When a line of the records below contains the string "unfolded", copy that whole line.

━━━━━━━━━━

(* The algorithm RATT described in the context runs in $O(|\mathcal{U}_{\mathcal{V}}|^2)$ time, where $\mathcal{U}_{\mathcal{V}}=\bigcup_{i\in\mathcal{V}}\mathcal{U}_i$ is the joint set of available control inputs of all robots (each evaluation of the objective $\Phi$ counting as one operation).
   Context: There are $N$ robots $\mathcal{V}=\{1,\dots,N\}$, robot $i$ choosing its control input from a finite nonempty set $\mathcal{U}_i$. $\Phi(\mathcal{W})$ denotes the team tracking quality obtained when the robots in $\mathcal{W}\subseteq\mathcal{V}$ (with their chosen inputs) fuse their measurements. Given integers $\alpha_s\le N$ and $\alpha_c\le N(N-1)/2$: CAA$(N,\alpha_c)$: set $e_r=N(N-1)/2-\alpha_c$; for $n=1,\dots,N$ in increasing order compute $q_n=\lfloor N/n\rfloor$, $r_n=N-nq_n$, $\bar e_n=q_n\frac{n(n-1)}{2}+\frac{r_n(r_n-1)}{2}$, and let $n_{\max}$ be the first $n$ with $e_r\le\bar e_n$; return $\alpha_{c,s}=N-n_{\max}$. RATT: compute $\alpha_{c,s}$ by CAA, set $\alpha=\alpha_s+\alpha_{c,s}$. If $\alpha<N$: for each robot $i$ compute $\max_{\mathbf{u}_i\in\mathcal{U}_i}\Phi(\{i\})$; select the $\alpha$ robots with the largest values and assign each the input attaining its individual maximum; then assign inputs to the remaining robots by the standard greedy algorithm (starting from $\mathcal{V}_g=\emptyset$, repeatedly choose an unassigned robot and input maximizing the marginal gain $\Phi(\mathcal{V}_g\cup\{i'\})-\Phi(\mathcal{V}_g)$ and add it to $\mathcal{V}_g$). If $\alpha\ge N$: assign each robot the input maximizing $\Phi(\{i\})$. *)

theory Defs
  imports Main "HOL.Real"
begin

text \<open>Robots are indexed 0..N-1 (N = length Us);
  robot i's finite nonempty input set is given as the distinct list Us!i.
  Every returned cost counts one unit per evaluation of Phi and one unit per
  elementary step (comparison / constant-size arithmetic block).\<close>

text \<open>Argmax by linear scan: returns (argmax, max value, cost).  Each element
  costs one evaluation of f and one comparison.\<close>
fun amax :: "('a \<Rightarrow> real) \<Rightarrow> 'a list \<Rightarrow> 'a \<times> real \<times> nat" where
  "amax f [] = (undefined, 0, 0)"
| "amax f [x] = (x, f x, 1)"
| "amax f (x # y # ys) =
     (let (b, v, c) = amax f (y # ys); w = f x
      in if w > v then (x, w, c + 2) else (b, v, c + 2))"

definition ebar :: "nat \<Rightarrow> nat \<Rightarrow> nat" where
  "ebar N n = (let q = N div n; r = N - n * q in q * (n * (n - 1) div 2) + r * (r - 1) div 2)"

function caa_search :: "nat \<Rightarrow> nat \<Rightarrow> nat \<Rightarrow> nat \<times> nat" where
  "caa_search N er n =
     (if N \<le> n \<or> er \<le> ebar N n then (n, 1)
      else (let (m, c) = caa_search N er (Suc n) in (m, c + 1)))"
  by pat_completeness auto
termination by (relation "measure (\<lambda>(N, er, n). N - n)") auto

definition caa :: "nat \<Rightarrow> nat \<Rightarrow> nat \<times> nat" where
  "caa N \<alpha>c = (let er = N * (N - 1) div 2 - \<alpha>c; (nmax, c) = caa_search N er 1
               in (N - nmax, c + 1))"

fun select_top :: "nat \<Rightarrow> real list \<Rightarrow> nat list \<Rightarrow> nat list \<times> nat" where
  "select_top 0 vals rem = ([], 0)"
| "select_top (Suc k) vals rem =
     (if rem = [] then ([], 0)
      else (let (b, _, c) = amax (\<lambda>i. vals ! i) rem;
                (r, c') = select_top k vals (removeAll b rem)
            in (b # r, c + c' + 1)))"

fun greedy :: "nat \<Rightarrow> ((nat \<times> 'u) set \<Rightarrow> real) \<Rightarrow> 'u list list \<Rightarrow> nat list
                 \<Rightarrow> (nat \<times> 'u) set \<Rightarrow> (nat \<times> 'u) set \<times> nat" where
  "greedy 0 \<Phi> Us rem Vg = (Vg, 0)"
| "greedy (Suc k) \<Phi> Us rem Vg =
     (let cands = concat (map (\<lambda>i. map (\<lambda>u. (i, u)) (Us ! i)) rem)
      in if cands = [] then (Vg, 1)
         else (let base = \<Phi> Vg;
                   (b, v, c) = amax (\<lambda>x. \<Phi> (insert x Vg) - base) cands;
                   (V', c') = greedy k \<Phi> Us (removeAll (fst b) rem) (insert b Vg)
               in (V', c + c' + 2)))"

definition ratt :: "((nat \<times> 'u) set \<Rightarrow> real) \<Rightarrow> 'u list list \<Rightarrow> nat \<Rightarrow> nat
                     \<Rightarrow> (nat \<times> 'u) set \<times> nat" where
  "ratt \<Phi> Us \<alpha>s \<alpha>c =
    (let N = length Us;
         (\<alpha>cs, c0) = caa N \<alpha>c;
         \<alpha> = \<alpha>s + \<alpha>cs;
         indiv = map (\<lambda>i. amax (\<lambda>u. \<Phi> {(i, u)}) (Us ! i)) [0..<N];
         c1 = sum_list (map (\<lambda>t. snd (snd t)) indiv)
     in if \<alpha> < N then
          (let (top, c2) = select_top \<alpha> (map (\<lambda>t. fst (snd t)) indiv) [0..<N];
               A = (\<lambda>i. (i, fst (indiv ! i))) ` set top;
               rem = filter (\<lambda>i. i \<notin> set top) [0..<N];
               (G, c3) = greedy (length rem) \<Phi> Us rem {}
           in (A \<union> G, c0 + c1 + c2 + c3 + 1))
        else ((\<lambda>i. (i, fst (indiv ! i))) ` {..<N}, c0 + c1 + N + 1))"

text \<open>Joint input set U_V, with inputs of different robots kept distinct.\<close>
definition joint_inputs :: "'u list list \<Rightarrow> (nat \<times> 'u) set" where
  "joint_inputs Us = {(i, u). i < length Us \<and> u \<in> set (Us ! i)}"

end

theory Submission
  imports Defs
begin

text \<open>Every argmax scan costs at most twice the length of the scanned list. CAA scans
  at most N candidates; selecting the top \<open>\<alpha> < N\<close> robots takes \<open>\<alpha>\<close> scans over at most
  N robots; the greedy phase runs at most N rounds, each scanning at most
  \<open>M = |U\<^sub>V|\<close> (robot, input) candidates. Since every robot has an input, \<open>N \<le> M\<close>,
  so the total cost is \<open>O(N\<^sup>2 + N M) = O(M\<^sup>2)\<close>.\<close>

lemma amax_cost: "snd (snd (amax f xs)) \<le> 2 * length xs"
  by (induction f xs rule: amax.induct) (auto simp: Let_def split: prod.splits)

declare caa_search.simps [simp del]

lemma caa_search_cost: "snd (caa_search N er n) \<le> Suc (N - n)"
proof (induction N er n rule: caa_search.induct)
  case (1 N er n)
  show ?case
  proof (cases "N \<le> n \<or> er \<le> ebar N n")
    case True
    then show ?thesis by (subst caa_search.simps) simp
  next
    case False
    then have "snd (caa_search N er n) = snd (caa_search N er (Suc n)) + 1"
      by (subst caa_search.simps) (simp add: Let_def split: prod.splits)
    with "1.IH"[OF False] False show ?thesis by arith
  qed
qed

lemma caa_cost: "snd (caa N \<alpha>c) \<le> N + 2"
proof -
  obtain n c where search: "caa_search N (N * (N - 1) div 2 - \<alpha>c) 1 = (n, c)"
    by (metis prod.exhaust)
  then have "c \<le> N + 1"
    using caa_search_cost[of N "N * (N - 1) div 2 - \<alpha>c" 1] by simp
  moreover have "snd (caa N \<alpha>c) = c + 1"
    unfolding caa_def Let_def search by simp
  ultimately show ?thesis by simp
qed

lemma select_top_cost: "snd (select_top k vals rem) \<le> k * (2 * length rem + 1)"
proof (induction k vals rem rule: select_top.induct)
  case (1 vals rem)
  then show ?case by simp
next
  case (2 k vals rem)
  show ?case
  proof (cases "rem = []")
    case True
    then show ?thesis by simp
  next
    case False
    obtain b v c where scan: "amax (\<lambda>i. vals ! i) rem = (b, v, c)"
      by (metis prod.exhaust)
    obtain r c' where rest: "select_top k vals (removeAll b rem) = (r, c')"
      by (metis prod.exhaust)
    have "c \<le> 2 * length rem"
      using amax_cost[of "\<lambda>i. vals ! i" rem] scan by simp
    moreover have "c' \<le> k * (2 * length rem + 1)"
    proof -
      have "c' \<le> k * (2 * length (removeAll b rem) + 1)"
        using "2.IH"[OF False, of "(b, v, c)" b "(v, c)" v c] scan rest by simp
      also have "\<dots> \<le> k * (2 * length rem + 1)"
        using length_removeAll_less_eq[of b rem] by simp
      finally show ?thesis .
    qed
    moreover have "snd (select_top (Suc k) vals rem) = c + c' + 1"
      using False scan rest by simp
    ultimately show ?thesis by simp
  qed
qed

lemma greedy_cost:
  "snd (greedy k \<Phi> Us rem Vg) \<le> k * (2 * sum_list (map (\<lambda>i. length (Us ! i)) rem) + 3)"
proof (induction k arbitrary: rem Vg)
  case 0
  then show ?case by simp
next
  case (Suc k)
  define cands where "cands = concat (map (\<lambda>i. map (\<lambda>u. (i, u)) (Us ! i)) rem)"
  define L where "L = sum_list (map (\<lambda>i. length (Us ! i)) rem)"
  show ?case
  proof (cases "cands = []")
    case True
    then show ?thesis by (simp add: cands_def[symmetric] Let_def)
  next
    case False
    obtain b v c where scan: "amax (\<lambda>x. \<Phi> (insert x Vg) - \<Phi> Vg) cands = (b, v, c)"
      by (metis prod.exhaust)
    obtain V' c' where rest: "greedy k \<Phi> Us (removeAll (fst b) rem) (insert b Vg) = (V', c')"
      by (metis prod.exhaust)
    have "length cands = L"
      by (simp add: cands_def L_def length_concat o_def)
    then have "c \<le> 2 * L"
      using amax_cost[of "\<lambda>x. \<Phi> (insert x Vg) - \<Phi> Vg" cands] scan by simp
    moreover have "c' \<le> k * (2 * L + 3)"
    proof -
      have "c' \<le> k * (2 * sum_list (map (\<lambda>i. length (Us ! i)) (removeAll (fst b) rem)) + 3)"
        using Suc.IH[of "removeAll (fst b) rem" "insert b Vg"] rest by simp
      also have "\<dots> \<le> k * (2 * L + 3)"
        using sum_list_filter_le_nat[of "\<lambda>i. length (Us ! i)" "\<lambda>i. fst b \<noteq> i" rem]
        by (simp add: L_def removeAll_filter_not_eq)
      finally show ?thesis .
    qed
    moreover have "snd (greedy (Suc k) \<Phi> Us rem Vg) = c + c' + 2"
      using False scan rest by (simp add: cands_def[symmetric] Let_def)
    ultimately show ?thesis by (simp add: L_def[symmetric])
  qed
qed

lemma ratt_cost:
  fixes \<Phi> :: "(nat \<times> 'u) set \<Rightarrow> real" and Us :: "'u list list"
  defines "N \<equiv> length Us" and "M \<equiv> sum_list (map length Us)"
  shows "snd (ratt \<Phi> Us \<alpha>s \<alpha>c) \<le> 3 + 2 * N + 2 * M + N * (2 * N + 1) + N * (2 * M + 3)"
proof -
  obtain \<alpha>cs c0 where caa: "caa N \<alpha>c = (\<alpha>cs, c0)"
    by (metis prod.exhaust)
  have c0: "c0 \<le> N + 2"
    using caa_cost[of N \<alpha>c] caa by simp
  define indiv where "indiv = map (\<lambda>i. amax (\<lambda>u. \<Phi> {(i, u)}) (Us ! i)) [0..<N]"
  define c1 where "c1 = sum_list (map (\<lambda>t. snd (snd t)) indiv)"
  have "c1 \<le> sum_list (map (\<lambda>i. 2 * length (Us ! i)) [0..<N])"
    unfolding c1_def indiv_def map_map o_def by (intro sum_list_mono amax_cost)
  also have "\<dots> = 2 * M"
    by (simp add: M_def N_def sum_list_const_mult map_nth flip: map_map[unfolded o_def])
  finally have c1: "c1 \<le> 2 * M" .
  have unfold_ratt: "ratt \<Phi> Us \<alpha>s \<alpha>c =
    (if \<alpha>s + \<alpha>cs < N then
       (let (top, c2) = select_top (\<alpha>s + \<alpha>cs) (map (\<lambda>t. fst (snd t)) indiv) [0..<N];
            rem = filter (\<lambda>i. i \<notin> set top) [0..<N];
            (G, c3) = greedy (length rem) \<Phi> Us rem {}
        in ((\<lambda>i. (i, fst (indiv ! i))) ` set top \<union> G, c0 + c1 + c2 + c3 + 1))
     else ((\<lambda>i. (i, fst (indiv ! i))) ` {..<N}, c0 + c1 + N + 1))"
    unfolding ratt_def Let_def N_def[symmetric] indiv_def[symmetric] c1_def[symmetric] caa
    by simp
  show ?thesis
  proof (cases "\<alpha>s + \<alpha>cs < N")
    case True
    obtain top c2 where top: "select_top (\<alpha>s + \<alpha>cs) (map (\<lambda>t. fst (snd t)) indiv) [0..<N] = (top, c2)"
      by (metis prod.exhaust)
    define rem where "rem = filter (\<lambda>i. i \<notin> set top) [0..<N]"
    obtain G c3 where greedy: "greedy (length rem) \<Phi> Us rem {} = (G, c3)"
      by (metis prod.exhaust)
    have "c2 \<le> N * (2 * N + 1)"
      using select_top_cost[of "\<alpha>s + \<alpha>cs" "map (\<lambda>t. fst (snd t)) indiv" "[0..<N]"] top True
        mult_le_mono1[of "\<alpha>s + \<alpha>cs" N "2 * N + 1"] by simp
    moreover have "c3 \<le> N * (2 * M + 3)"
    proof -
      have "c3 \<le> length rem * (2 * sum_list (map (\<lambda>i. length (Us ! i)) rem) + 3)"
        using greedy_cost[of "length rem" \<Phi> Us rem "{}"] greedy by simp
      also have "\<dots> \<le> N * (2 * M + 3)"
      proof (rule mult_le_mono)
        show "length rem \<le> N"
          unfolding rem_def using length_filter_le[of _ "[0..<N]"] by simp
        have "sum_list (map (\<lambda>i. length (Us ! i)) rem) \<le> sum_list (map (\<lambda>i. length (Us ! i)) [0..<N])"
          unfolding rem_def by (rule sum_list_filter_le_nat)
        then show "2 * sum_list (map (\<lambda>i. length (Us ! i)) rem) + 3 \<le> 2 * M + 3"
          by (simp add: M_def N_def map_nth flip: map_map[unfolded o_def])
      qed
      finally show ?thesis .
    qed
    ultimately show ?thesis
      using c0 c1 True by (simp add: unfold_ratt top greedy flip: rem_def)
  next
    case False
    then show ?thesis
      using c0 c1 by (simp add: unfold_ratt)
  qed
qed

lemma card_joint_inputs:
  assumes "\<forall>U\<in>set Us. distinct U"
  shows "card (joint_inputs Us) = sum_list (map length Us)"
proof -
  have "joint_inputs Us = Sigma {..<length Us} (\<lambda>i. set (Us ! i))"
    by (auto simp: joint_inputs_def)
  then have "card (joint_inputs Us) = (\<Sum>i<length Us. card (set (Us ! i)))"
    by (simp add: card_SigmaI)
  also have "\<dots> = (\<Sum>i<length Us. length (Us ! i))"
    using assms by (intro sum.cong) (auto simp: distinct_card)
  also have "\<dots> = sum_list (map length Us)"
    by (simp add: sum_list_sum_nth atLeast0LessThan)
  finally show ?thesis .
qed

lemma length_le_sum_list_length:
  assumes "\<forall>U\<in>set Us. U \<noteq> []"
  shows "length Us \<le> sum_list (map length Us)"
  using assms by (induction Us) (auto simp flip: length_greater_0_conv)

lemma quadratic_cost_bound:
  fixes N M :: nat
  assumes "1 \<le> N" and "N \<le> M"
  shows "3 + 2 * N + 2 * M + N * (2 * N + 1) + N * (2 * M + 3) \<le> 15 * M ^ 2"
proof -
  have "1 \<le> M"
    using assms by simp
  then have "N * N \<le> M * M" and "N * M \<le> M * M" and "M * 1 \<le> M * M" and "1 * 1 \<le> M * M"
    using assms(2) by (simp_all only: mult_le_mono order_refl)
  moreover have "3 + 2 * N + 2 * M + N * (2 * N + 1) + N * (2 * M + 3)
      = 3 + 2 * M + 6 * N + 2 * (N * M) + 2 * (N * N)"
    by (simp add: algebra_simps)
  ultimately show ?thesis
    using assms unfolding power2_eq_square by linarith
qed

theorem theorem2:
  "\<exists>C::real. \<forall>(\<Phi>::(nat \<times> 'u) set \<Rightarrow> real) (Us::'u list list) \<alpha>s \<alpha>c.
     Us \<noteq> [] \<longrightarrow> (\<forall>U\<in>set Us. U \<noteq> [] \<and> distinct U) \<longrightarrow>
     \<alpha>s \<le> length Us \<longrightarrow> \<alpha>c \<le> length Us * (length Us - 1) div 2 \<longrightarrow>
     real (snd (ratt \<Phi> Us \<alpha>s \<alpha>c)) \<le> C * real (card (joint_inputs Us)) ^ 2"
proof (intro exI[of _ 15] allI impI)
  fix \<Phi> :: "(nat \<times> 'u) set \<Rightarrow> real" and Us :: "'u list list" and \<alpha>s \<alpha>c :: nat
  assume "Us \<noteq> []" and inputs: "\<forall>U\<in>set Us. U \<noteq> [] \<and> distinct U"
  have card: "card (joint_inputs Us) = sum_list (map length Us)"
    using inputs by (simp add: card_joint_inputs)
  have "1 \<le> length Us"
    using \<open>Us \<noteq> []\<close> by (simp add: Suc_le_eq)
  moreover have "length Us \<le> sum_list (map length Us)"
    using inputs by (simp add: length_le_sum_list_length)
  ultimately have "snd (ratt \<Phi> Us \<alpha>s \<alpha>c) \<le> 15 * (sum_list (map length Us)) ^ 2"
    by (intro order_trans[OF ratt_cost quadratic_cost_bound])
  then have "real (snd (ratt \<Phi> Us \<alpha>s \<alpha>c)) \<le> real (15 * card (joint_inputs Us) ^ 2)"
    unfolding card of_nat_le_iff .
  then show "real (snd (ratt \<Phi> Us \<alpha>s \<alpha>c)) \<le> 15 * real (card (joint_inputs Us)) ^ 2"
    by simp
qed

end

━━━━━━━━━━

◆ WRITTEN SOLUTION:
    by (simp add: M_def N_def sum_list_const_mult map_nth flip: map_map[unfolded o_def])
          by (simp add: M_def N_def map_nth flip: map_map[unfolded o_def])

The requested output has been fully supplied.